To collect information on the nature and management of spas, Davis in 1885 made a tour of major European watering places. He applied his knowledge to improvements at Bath, and was consulted by English corporations with natural baths, including Harrogate and Droitwich. Difficulties with the corporation regarding his official duties led in 1900 to the transfer to another person of the supervision of the corporate property; the baths and the provision markets were left in Davis's charge.

Davis was elected a fellow of the Society of Antiquaries of London in 1850. He died at his residence, Bathwick Hill in 1902. The rank of major by which Davis was generally addressed arose from his commission in the Worcestershire militia; he was also a member of the Bath volunteer rifles.

==Works==
Davis worked on redevelopment of the Roman Baths. Exploring in 1869 the site of the hot springs of the old King's Bath, he found remains of Roman thermal work and published a descriptive account. In 1877–88 he exposed the Roman well beneath the King's bath, a discovery that had been foreshadowed; Alexander Sutherland, M.D. (An attempt to ascertain and extend the virtues of Bath and Bristol waters 2nd edit. 1764) had followed the researches made by Charles Lucas in 1755. In 1880-81 Davis found the Great Bath and in 1884–86 the Circular Bath, both Roman.

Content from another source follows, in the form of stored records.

lemma isometry_col_space_basis:
  assumes A: "A \<in> carrier_mat n k"
  obtains U where "U \<in> carrier_mat n (V.rank A)" and "U\<^sup>T * U = 1\<^sub>m (V.rank A)"
    and "V.col_space U = V.col_space A"
proof -
  have colsA: "set (cols A) \<subseteq> carrier_vec n"
    using A cols_dim by blast
  obtain S where max: "maximal S (\<lambda>T. T \<subseteq> set (cols A) \<and> V.lin_indpt T)"
    using maximal_exists[of "\<lambda>T. T \<subseteq> set (cols A) \<and> V.lin_indpt T" "card (set (cols A))" "{}"]
    by (meson List.finite_set card_mono empty_iff empty_subsetI V.finite_lin_indpt2 rev_finite_subset)
  have rank: "V.rank A = card S"
    by (rule V.rank_card_indpt[OF A max])
  have SA: "S \<subseteq> set (cols A)" and li: "V.lin_indpt S"
    using max by (auto simp: maximal_def)
  obtain ws where ws: "set ws = S" "distinct ws"
    using finite_distinct_list[OF finite_subset[OF SA]] by blast
  obtain vs where len: "length vs = length ws" and vs: "set vs \<subseteq> carrier_vec n"
    and orthonormal: "\<And>i j. i < length vs \<Longrightarrow> j < length vs \<Longrightarrow> vs ! i \<bullet> vs ! j = (if i = j then 1 else 0)"
    and span: "V.span (set vs) = V.span S"
    using orthonormal_list_exists[of ws] ws SA colsA li by auto
  have r: "length vs = V.rank A"
    using len rank ws distinct_card by metis
  show thesis
  proof
    show U: "mat_of_cols n vs \<in> carrier_mat n (V.rank A)"
      using r by auto
    show "(mat_of_cols n vs)\<^sup>T * mat_of_cols n vs = 1\<^sub>m (V.rank A)"
      using orthonormal r nth_mem[THEN subsetD[OF vs]] by (intro eq_matI) auto
    have "V.col_space (mat_of_cols n vs) = V.span S"
      using vs span by (simp add: V.col_space_def)
    also have "\<dots> = V.col_space A"
      unfolding V.col_space_def by (rule V.span_maximal_lin_indpt_subset[OF colsA max])
    finally show "V.col_space (mat_of_cols n vs) = V.col_space A" .
  qed
qed

lemma orth_proj_factor:
  assumes "orth_proj n P"
  obtains U where "U \<in> carrier_mat n (V.rank P)" and "U\<^sup>T * U = 1\<^sub>m (V.rank P)"
    and "U * U\<^sup>T = P"
proof -
  have P: "P \<in> carrier_mat n n" and PP: "P * P = P" and PT: "P\<^sup>T = P"
    using assms by (auto simp: orth_proj_def)
  obtain U where U: "U \<in> carrier_mat n (V.rank P)" and UTU: "U\<^sup>T * U = 1\<^sub>m (V.rank P)"
    and col_space: "V.col_space U = V.col_space P"
    using isometry_col_space_basis[OF P] by blast
  have UUT: "U * U\<^sup>T \<in> carrier_mat n n"
    using U by auto
  have cols_in_col_space: "set (cols A) \<subseteq> V.col_space A" if "A \<in> carrier_mat n m" for A m
    unfolding V.col_space_def using that by (intro V.in_own_span) (auto simp: cols_def)
  have PU: "P * U = U"
    using V.mult_fixes_col_space[OF P P PP U] cols_in_col_space[OF U] col_space by simp
  have "U * U\<^sup>T * U = U"
    using U UTU by (simp add: assoc_mult_mat[of U n _ "U\<^sup>T" _ U])
  then have UUTP: "U * U\<^sup>T * P = P"
    using V.mult_fixes_col_space[OF UUT U _ P] cols_in_col_space[OF P] col_space by simp
  have "P = (U * U\<^sup>T * P)\<^sup>T"
    using UUTP PT by simp
  also have "\<dots> = P\<^sup>T * (U * U\<^sup>T)\<^sup>T"
    by (rule transpose_mult[OF UUT P])
  also have "\<dots> = P * (U * U\<^sup>T)"
    using U PT by (simp add: transpose_mult[of U n _ "U\<^sup>T"])
  also have "\<dots> = U * U\<^sup>T"
    using PU P U by (simp add: assoc_mult_mat[of P n n U _ "U\<^sup>T", symmetric])
  finally show thesis
    using that U UTU by simp
qed

end

lemma trace_orth_proj:
  assumes "orth_proj n P"
  shows "trace_mat P = real (vec_space.rank n P)"
proof -
  obtain U where U: "U \<in> carrier_mat n (vec_space.rank n P)"
    and "U\<^sup>T * U = 1\<^sub>m (vec_space.rank n P)" and "U * U\<^sup>T = P"
    using orth_proj_factor[OF assms] .
  then show ?thesis
    using trace_mat_mult_comm[OF U, of "U\<^sup>T"] by simp
qed

lemma orth_proj_smult_gram:
  fixes X :: "real mat"
  assumes X: "X \<in> carrier_mat r l" and XTX: "X\<^sup>T * X = d \<cdot>\<^sub>m 1\<^sub>m l" and cd: "c * d = 1"
  shows "orth_proj r (c \<cdot>\<^sub>m (X * X\<^sup>T))" and "vec_space.rank r (c \<cdot>\<^sub>m (X * X\<^sup>T)) = l"
proof -
  have XT: "X\<^sup>T \<in> carrier_mat l r"
    using X by simp
  have G: "X * X\<^sup>T \<in> carrier_mat r r"
    using X by simp
  have "X * X\<^sup>T * (X * X\<^sup>T) = X * (X\<^sup>T * X) * X\<^sup>T"
    using X XT by (simp add: assoc_mult_mat[of _ r l _ r _ r] assoc_mult_mat[of X r l _ l _ r])
  also have "\<dots> = d \<cdot>\<^sub>m (X * X\<^sup>T)"
    using X XTX by (simp add: mult_smult_distrib[OF X one_carrier_mat] mult_smult_assoc_mat[OF X XT])
  finally have GG: "X * X\<^sup>T * (X * X\<^sup>T) = d \<cdot>\<^sub>m (X * X\<^sup>T)" .
  have "c \<cdot>\<^sub>m (X * X\<^sup>T) * (c \<cdot>\<^sub>m (X * X\<^sup>T)) = (c * c * d) \<cdot>\<^sub>m (X * X\<^sup>T)"
    using GG by (simp add: mult_smult_assoc_mat[OF G smult_carrier_mat[OF G]] mult_smult_distrib[OF G G]
        smult_smult_mat mult.assoc)
  then have idem: "c \<cdot>\<^sub>m (X * X\<^sup>T) * (c \<cdot>\<^sub>m (X * X\<^sup>T)) = c \<cdot>\<^sub>m (X * X\<^sup>T)"
    using cd by (simp add: mult.assoc)
  show proj: "orth_proj r (c \<cdot>\<^sub>m (X * X\<^sup>T))"
    unfolding orth_proj_def using X idem by (simp add: transpose_smult_mat transpose_mult[OF X XT])
  have "trace_mat (c \<cdot>\<^sub>m (X * X\<^sup>T)) = c * trace_mat (X\<^sup>T * X)"
    using X by (simp add: trace_mat_smult[of _ r] trace_mat_mult_comm[OF X XT])
  also have "\<dots> = real l"
    using XTX cd by (simp add: trace_mat_smult[of _ l] mult.assoc[symmetric])
  finally show "vec_space.rank r (c \<cdot>\<^sub>m (X * X\<^sup>T)) = l"
    using trace_orth_proj[OF proj] by simp
qed
lemma zero_pad_carrier:
  assumes "Y \<in> carrier_mat k k" "k \<le> n"
  shows "zero_pad k n Y \<in> carrier_mat n n"
  using assms by (auto simp: zero_pad_def)

lemma quad_form_zero_pad:
  assumes Yc: "Y \<in> carrier_mat k k" and kn: "k \<le> n"
  shows "quad_form n (zero_pad k n Y) f = quad_form k Y f"
proof -
  have "quad_form n (zero_pad k n Y) f
      = (\<Sum>i<n. \<Sum>j<n. f i * (if i < k \<and> j < k then Y $$ (i, j) else 0) * f j)"
    unfolding quad_form_def by (intro sum.cong refl) (simp add: zero_pad_index[OF Yc kn])
  also have "\<dots> = (\<Sum>i<k. \<Sum>j<n. f i * (if i < k \<and> j < k then Y $$ (i, j) else 0) * f j)"
    using kn by (intro sum.mono_neutral_right) auto
  also have "\<dots> = quad_form k Y f"
    unfolding quad_form_def using kn by (intro sum.cong refl sum.mono_neutral_cong_right) auto
  finally show ?thesis .
qed

lemma zero_pad_row_sums:
  assumes Yc: "Y \<in> carrier_mat k k" and kn: "k \<le> n" and Yr: "\<forall>i<k. (\<Sum>j<k. Y $$ (i, j)) = 0" and i: "i < n"
  shows "(\<Sum>j<n. zero_pad k n Y $$ (i, j)) = 0"
proof -
  have "(\<Sum>j<n. zero_pad k n Y $$ (i, j))
      = (\<Sum>j<n. (if i < k \<and> j < k then Y $$ (i, j) else 0))"
    using i by (intro sum.cong refl) (simp add: zero_pad_index[OF Yc kn])
  also have "\<dots> = (\<Sum>j<k. (if i < k \<and> j < k then Y $$ (i, j) else 0))"
    using kn by (intro sum.mono_neutral_right) auto
  also have "\<dots> = 0" using Yr by (cases "i < k") auto
  finally show ?thesis .
qed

The old Queen's Bath, constructed in 1597 and named after Anne of Denmark, was removed in the course of the Roman discoveries of 1885. Davis's main original design was the new Queen's Bath, begun in 1886, and completed in 1889. The work and incidental restoration met with criticism on structural as well as archaeological grounds. Reports were made on behalf of the Society of Antiquaries by John Henry Middleton and William Henry St John Hope, but local debate grew heated; an independent opinion sought from Alfred Waterhouse, who in a report dated 14 January 1887 came to anodyne conclusions.

Besides his work for the corporation Davis had a private practice. He designed and restored churches, including St Peter's in Freshford and St Mary Magdalene's Church in Langridge, Charlcombe. He was the architect of the Empire Hotel, Bath, opened in 1901, and the Colonnades, balustrading, steps and kiosk at Parade Gardens opposite the hotel.

Davis published Mineral Baths of Bath; the Bath of Bathes Ayde in the Reign of Charles II (Bath, 1883), and other several pamphlets on the same subject. In 1863, he designed an escritoire, Bath's wedding gift to Alexandra of Denmark, presented in 1869; it incorporated Royal Worcester designed by Arthur Murch.

==Family==
Davis married in 1858 Selina Anne, eldest daughter of Captain Howarth, who survived him without issue.